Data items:
lemma boundary_data_loop_graph:
  assumes L: "L > 0"
  shows "boundary_data (loop_graph L) 0 k = {(p, f). cosk k (L / 2) * f = 2 * k\<^sup>2 * sink k (L / 2) * p}"
proof -
  define C S where "C = cosk k (L / 2)" and "S = sink k (L / 2)"
  have P: "C\<^sup>2 + k\<^sup>2 * S\<^sup>2 = 1" unfolding C_def S_def by (rule cosk_sink_pythagoras)
  have sol: "edge_sol k a b L = a * (C\<^sup>2 - k\<^sup>2 * S\<^sup>2) + b * (2 * S * C)" for a b
    by (simp add: edge_sol_def C_def S_def flip: cosk_sink_halves)
  have "(p, f) \<in> boundary_data (loop_graph L) 0 k \<longleftrightarrow> C * f = 2 * k\<^sup>2 * S * p" for p f
  proof
    assume "(p, f) \<in> boundary_data (loop_graph L) 0 k"
    then obtain b where "p = edge_sol k p b L" "f = b - edge_sol k b (- k\<^sup>2 * p) L"
      unfolding mem_boundary_data_loop_graph[OF L] by blast
    then show "C * f = 2 * k\<^sup>2 * S * p" using P unfolding sol by algebra
  next
    assume line: "C * f = 2 * k\<^sup>2 * S * p"
    (* the solution symmetric about the point opposite v: each end of the loop carries half the flux *)
    define b where "b = f / 2"
    have "p = edge_sol k p b L" "f = b - edge_sol k b (- k\<^sup>2 * p) L"
      using line P unfolding sol b_def by algebra+
    then show "(p, f) \<in> boundary_data (loop_graph L) 0 k"
      unfolding mem_boundary_data_loop_graph[OF L] by blast
  qed
  then show ?thesis unfolding C_def S_def by auto
qed

lemma mem_boundary_data_interval_graph:
  assumes L: "L > 0"
  shows "(p, f) \<in> boundary_data (interval_graph L) 0 k \<longleftrightarrow>
    (\<exists>a d. p = edge_sol k a 0 (L / 2) \<and> edge_sol k d (- k\<^sup>2 * p) (L / 2) = 0 \<and>
       f = d - edge_sol k 0 (- k\<^sup>2 * a) (L / 2))"
proof
  note mem = mem_boundary_data_graph_sol[OF wf_graph_interval_graph[OF L], of 0,
      unfolded vertices_interval_graph, OF insertI1]
  {
    assume "(p, f) \<in> boundary_data (interval_graph L) 0 k"
    then obtain a b where sol: "gsol (interval_graph L) (k\<^sup>2) {0} (graph_sol k a b)"
      and "p = vval (interval_graph L) (graph_sol k a b) 0" "f = flux (interval_graph L) (graph_sol k a b) 0"
      unfolding mem by blast
    with vval_interval_graph[OF sol] show "\<exists>a d. p = edge_sol k a 0 (L / 2) \<and>
        edge_sol k d (- k\<^sup>2 * p) (L / 2) = 0 \<and> f = d - edge_sol k 0 (- k\<^sup>2 * a) (L / 2)"
      by (intro exI[of _ "a 0"] exI[of _ "b 1"])
        (auto simp: gsol_interval_graph_sol[OF L] flux_interval_graph_sol[OF L] graph_sol_def)
  }
  {
    assume "\<exists>a d. p = edge_sol k a 0 (L / 2) \<and> edge_sol k d (- k\<^sup>2 * p) (L / 2) = 0 \<and>
       f = d - edge_sol k 0 (- k\<^sup>2 * a) (L / 2)"
    then obtain a d where "p = edge_sol k a 0 (L / 2)" "edge_sol k d (- k\<^sup>2 * p) (L / 2) = 0"
      "f = d - edge_sol k 0 (- k\<^sup>2 * a) (L / 2)"
      by blast
    moreover define a' b' where "a' e = (if e = 0 then a else p)" and "b' e = (if e = 0 then 0 else d)"
      for e :: nat
    moreover have sol: "gsol (interval_graph L) (k\<^sup>2) {0} (graph_sol k a' b')"
      using calculation by (simp add: gsol_interval_graph_sol[OF L])
    ultimately show "(p, f) \<in> boundary_data (interval_graph L) 0 k"
      unfolding mem using vval_interval_graph[OF sol]
      by (intro exI[of _ a'] exI[of _ b']) (simp add: flux_interval_graph_sol[OF L] graph_sol_def)
  }
qed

Required action: Using the data above, reproduce every line exactly.

Solution below:
lemma boundary_data_loop_graph:
  assumes L: "L > 0"
  shows "boundary_data (loop_graph L) 0 k = {(p, f). cosk k (L / 2) * f = 2 * k\<^sup>2 * sink k (L / 2) * p}"
proof -
  define C S where "C = cosk k (L / 2)" and "S = sink k (L / 2)"
  have P: "C\<^sup>2 + k\<^sup>2 * S\<^sup>2 = 1" unfolding C_def S_def by (rule cosk_sink_pythagoras)
  have sol: "edge_sol k a b L = a * (C\<^sup>2 - k\<^sup>2 * S\<^sup>2) + b * (2 * S * C)" for a b
    by (simp add: edge_sol_def C_def S_def flip: cosk_sink_halves)
  have "(p, f) \<in> boundary_data (loop_graph L) 0 k \<longleftrightarrow> C * f = 2 * k\<^sup>2 * S * p" for p f
  proof
    assume "(p, f) \<in> boundary_data (loop_graph L) 0 k"
    then obtain b where "p = edge_sol k p b L" "f = b - edge_sol k b (- k\<^sup>2 * p) L"
      unfolding mem_boundary_data_loop_graph[OF L] by blast
    then show "C * f = 2 * k\<^sup>2 * S * p" using P unfolding sol by algebra
  next
    assume line: "C * f = 2 * k\<^sup>2 * S * p"
    (* the solution symmetric about the point opposite v: each end of the loop carries half the flux *)
    define b where "b = f / 2"
    have "p = edge_sol k p b L" "f = b - edge_sol k b (- k\<^sup>2 * p) L"
      using line P unfolding sol b_def by algebra+
    then show "(p, f) \<in> boundary_data (loop_graph L) 0 k"
      unfolding mem_boundary_data_loop_graph[OF L] by blast
  qed
  then show ?thesis unfolding C_def S_def by auto
qed

lemma mem_boundary_data_interval_graph:
  assumes L: "L > 0"
  shows "(p, f) \<in> boundary_data (interval_graph L) 0 k \<longleftrightarrow>
    (\<exists>a d. p = edge_sol k a 0 (L / 2) \<and> edge_sol k d (- k\<^sup>2 * p) (L / 2) = 0 \<and>
       f = d - edge_sol k 0 (- k\<^sup>2 * a) (L / 2))"
proof
  note mem = mem_boundary_data_graph_sol[OF wf_graph_interval_graph[OF L], of 0,
      unfolded vertices_interval_graph, OF insertI1]
  {
    assume "(p, f) \<in> boundary_data (interval_graph L) 0 k"
    then obtain a b where sol: "gsol (interval_graph L) (k\<^sup>2) {0} (graph_sol k a b)"
      and "p = vval (interval_graph L) (graph_sol k a b) 0" "f = flux (interval_graph L) (graph_sol k a b) 0"
      unfolding mem by blast
    with vval_interval_graph[OF sol] show "\<exists>a d. p = edge_sol k a 0 (L / 2) \<and>
        edge_sol k d (- k\<^sup>2 * p) (L / 2) = 0 \<and> f = d - edge_sol k 0 (- k\<^sup>2 * a) (L / 2)"
      by (intro exI[of _ "a 0"] exI[of _ "b 1"])
        (auto simp: gsol_interval_graph_sol[OF L] flux_interval_graph_sol[OF L] graph_sol_def)
  }
  {
    assume "\<exists>a d. p = edge_sol k a 0 (L / 2) \<and> edge_sol k d (- k\<^sup>2 * p) (L / 2) = 0 \<and>
       f = d - edge_sol k 0 (- k\<^sup>2 * a) (L / 2)"
    then obtain a d where "p = edge_sol k a 0 (L / 2)" "edge_sol k d (- k\<^sup>2 * p) (L / 2) = 0"
      "f = d - edge_sol k 0 (- k\<^sup>2 * a) (L / 2)"
      by blast
    moreover define a' b' where "a' e = (if e = 0 then a else p)" and "b' e = (if e = 0 then 0 else d)"
      for e :: nat
    moreover have sol: "gsol (interval_graph L) (k\<^sup>2) {0} (graph_sol k a' b')"
      using calculation by (simp add: gsol_interval_graph_sol[OF L])
    ultimately show "(p, f) \<in> boundary_data (interval_graph L) 0 k"
      unfolding mem using vval_interval_graph[OF sol]
      by (intro exI[of _ a'] exI[of _ b']) (simp add: flux_interval_graph_sol[OF L] graph_sol_def)
  }
qed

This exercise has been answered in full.